Real-world example: At 14:37 on a Tuesday, a newly deployed Cloud Run revision of a payment service begins returning HTTP 500 errors for 3% of requests — an error budget burn rate of 60× the sustainable rate, triggering the fast-burn SLO alert. The on-call engineer receives a PagerDuty notification within 2 minutes of the error spike. They navigate to Cloud Run > Revisions, click Manage traffic, and shift 100% of traffic back to the previous revision in 20 seconds — the error rate drops immediately to zero. Total user impact: 7 minutes of elevated error rate. The engineer then investigates the failed revision's logs in Logs Explorer to identify the root cause (a missing database index on a new query) before re-deploying with the fix. The post-incident review documents the timeline, the detection method (SLO multi-burn-rate alert), and the remediation steps — feeding improvements back into the runbook.


💡 Additional SRE Practice Objectives & Learning Guidelines

  • Toil Reduction: SRE practice emphasises eliminating toil — repetitive, manual, automatable operational work that does not provide lasting value. For a DevOps engineer managing Cloud Run or GKE, common sources of toil include: manual deployment approvals for non-production environments, manually updating image tags in deployment manifests, and manually responding to predictable scaling events. For each toil item you identify, evaluate whether a Cloud Deploy automation rule, a Cloud Scheduler job, or an autoscaler can eliminate the manual step entirely.

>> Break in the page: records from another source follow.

(* Let $T$ be a tree with $n$ vertices. The straight-line drawing of $T$ produced by Algorithm 2 is monotone (and planar), and every vertex is placed at an integer point $(x,y)$ with $|x|\le\frac{n-\mathrm{odd}(n)}{2}$ and $0\le y\le\frac{n-\mathrm{odd}(n)}{2}$. Hence the drawing fits on a grid of $n\times\frac{n+1}{2}$ points when $n$ is odd and of $(n+1)\times(\frac{n}{2}+1)$ points when $n$ is even.
   Context: A vertex $r$ of an $n$-vertex tree $T$ is a gravity root if every connected component of $T\setminus r$ has at most $\frac{n}{2}$ vertices. $\mathrm{odd}(n)=1$ if $n$ is odd, $0$ otherwise. $T_v$ is the subtree rooted at $v$, $|T_v|$ its number of vertices. A grid of $a\times b$ points means $a$ consecutive integer $x$-values and $b$ consecutive integer $y$-values. Strategy 1: for a non-leaf vertex $u$ with assigned $a_1(u)<a_2(u)$ and children $v_1,\dots,v_m$ in order, set $a_1(v_1)=a_1(u)$, $a_1(v_i)=a_2(v_{i-1})$ for $1<i\le m$, and $a_2(v_i)=a_1(v_i)+(a_2(u)-a_1(u))\cdot\frac{|T_{v_i}|}{|T_u|-1}$. Point rule $P_1(\theta_1,\theta_2)$ for $0\le\theta_1<\theta_2\le\frac{\pi}{2}$, with $d=\lceil\frac{1}{\theta_2-\theta_1}\rceil$: (i) if $\theta_2-\theta_1>\frac{\pi}{4}$: $(1,1)$; (ii) if $\arctan(\frac12)<\theta_2-\theta_1\le\frac{\pi}{4}$: $(1,2)$ if $\theta_1\ge\frac{\pi}{4}$, $(1,1)$ if $\arctan(\frac12)\le\theta_1<\frac{\pi}{4}$, $(2,1)$ if $\theta_1<\arctan(\frac12)$; (iii) if $\theta_2-\theta_1\le\arctan(\frac12)$: $(d,\lfloor\tan(\theta_1)d+1\rfloor)$ if $\theta_2\le\frac{\pi}{4}$, $(1,1)$ if $\theta_1<\frac{\pi}{4}<\theta_2$, $(\lfloor\tan(\frac{\pi}{2}-\theta_2)d+1\rfloor,d)$ if $\theta_1\ge\frac{\pi}{4}$. Point rule $P_2(\beta_1,\beta_2)$ for $0\le\beta_1<\beta_2\le\pi$: $(0,1)$ if $\beta_1<\frac{\pi}{2}<\beta_2$; $P_1(\beta_1,\beta_2)$ if $\beta_2\le\frac{\pi}{2}$; $(-x,y)$ with $(x,y)=P_1(\pi-\beta_2,\pi-\beta_1)$ if $\beta_1\ge\frac{\pi}{2}$. Algorithm 2 (input: a tree $T$, possibly with a cyclic order of neighbors at each vertex): choose a gravity root $r$ and root $T$ at $r$ (children ordered according to the given embedding, if any); set $a_1(r)=0$, $a_2(r)=\pi$, assign angles to all other vertices top-down by Strategy 1; place $r$ at $(0,0)$; top-down, place each child $v$ of an already placed vertex $u$ at (position of $u$) $+P_2(a_1(v),a_2(v))$. A path $p_0,\dots,p_k$ in a straight-line drawing is monotone if there is a line $\ell$ such that the orthogonal projections of $p_0,\dots,p_k$ onto $\ell$ appear along $\ell$ in this order; a drawing is monotone if every pair of vertices is joined by a monotone path. *)

theory Defs
  imports "HOL-Analysis.Analysis"
begin

definition walk :: "('a \<times> 'a) set \<Rightarrow> 'a list \<Rightarrow> bool" where
  "walk E xs \<longleftrightarrow> xs \<noteq> [] \<and> (\<forall>i < length xs - 1. (xs ! i, xs ! Suc i) \<in> E)"

(* a tree: finite nonempty connected graph with n-1 (undirected) edges;
   E contains both orientations of every edge *)
definition is_tree :: "'a set \<Rightarrow> ('a \<times> 'a) set \<Rightarrow> bool" where
  "is_tree V E \<longleftrightarrow> finite V \<and> V \<noteq> {} \<and> E \<subseteq> V \<times> V \<and> sym E \<and> (\<forall>x. (x, x) \<notin> E)
     \<and> (\<forall>u\<in>V. \<forall>v\<in>V. (u, v) \<in> E\<^sup>*) \<and> card E = 2 * (card V - 1)"

definition comp_without :: "'a set \<Rightarrow> ('a \<times> 'a) set \<Rightarrow> 'a \<Rightarrow> 'a \<Rightarrow> 'a set" where
  "comp_without V E r x = {y. (x, y) \<in> (E \<inter> ((V - {r}) \<times> (V - {r})))\<^sup>*}"

definition gravity_root :: "'a set \<Rightarrow> ('a \<times> 'a) set \<Rightarrow> 'a \<Rightarrow> bool" where
  "gravity_root V E r \<longleftrightarrow> r \<in> V \<and>
     (\<forall>x \<in> V - {r}. real (card (comp_without V E r x)) \<le> real (card V) / 2)"

definition subtree :: "'a set \<Rightarrow> ('a \<times> 'a) set \<Rightarrow> 'a \<Rightarrow> 'a \<Rightarrow> 'a set" where
  "subtree V E r u = {v \<in> V. \<forall>xs. walk E xs \<and> hd xs = r \<and> last xs = v \<longrightarrow> u \<in> set xs}"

  • Chaos Engineering: Controlled fault injection is a practice for proactively discovering reliability weaknesses before they cause production incidents. Google Cloud supports this through: (1) Cloud Run traffic splitting — deliberately sending a percentage of traffic to a slow or erroring revision to measure system behaviour; (2) Fault injection with Cloud Service Mesh — for GKE workloads using Cloud Service Mesh, inject HTTP faults (delays or abort codes) into specific traffic paths to verify that downstream services handle failures gracefully. Navigate to Cloud Service Mesh > Traffic management to explore fault injection policy configuration.

  • Incident Post-Mortems (Blameless): The SRE discipline of blameless post-mortems is a key exam topic. After every significant incident, document: (1) the timeline of events from symptom detection to resolution; (2) contributing factors (not root causes — complex systems have multiple contributing factors, not a single root cause); (3) action items with owners and deadlines. The goal is systemic improvement, not individual blame. Google's SRE Workbook provides a post-mortem template; navigate to Cloud Logging > Log Analytics to run SQL queries over historical log data as part of a post-mortem investigation.

  • Release Velocity and Error Budget Policy: Formalise the relationship between error budget consumption and deployment frequency. An error budget policy document (owned by the SRE and development teams jointly) should specify: what deployment gate applies at 0–50% budget consumption (normal velocity), 50–100% (slow down, only critical features), and 100%+ (freeze all feature deployments, prioritise reliability). This policy transforms reliability from a subjective judgment into an objective, data-driven team agreement.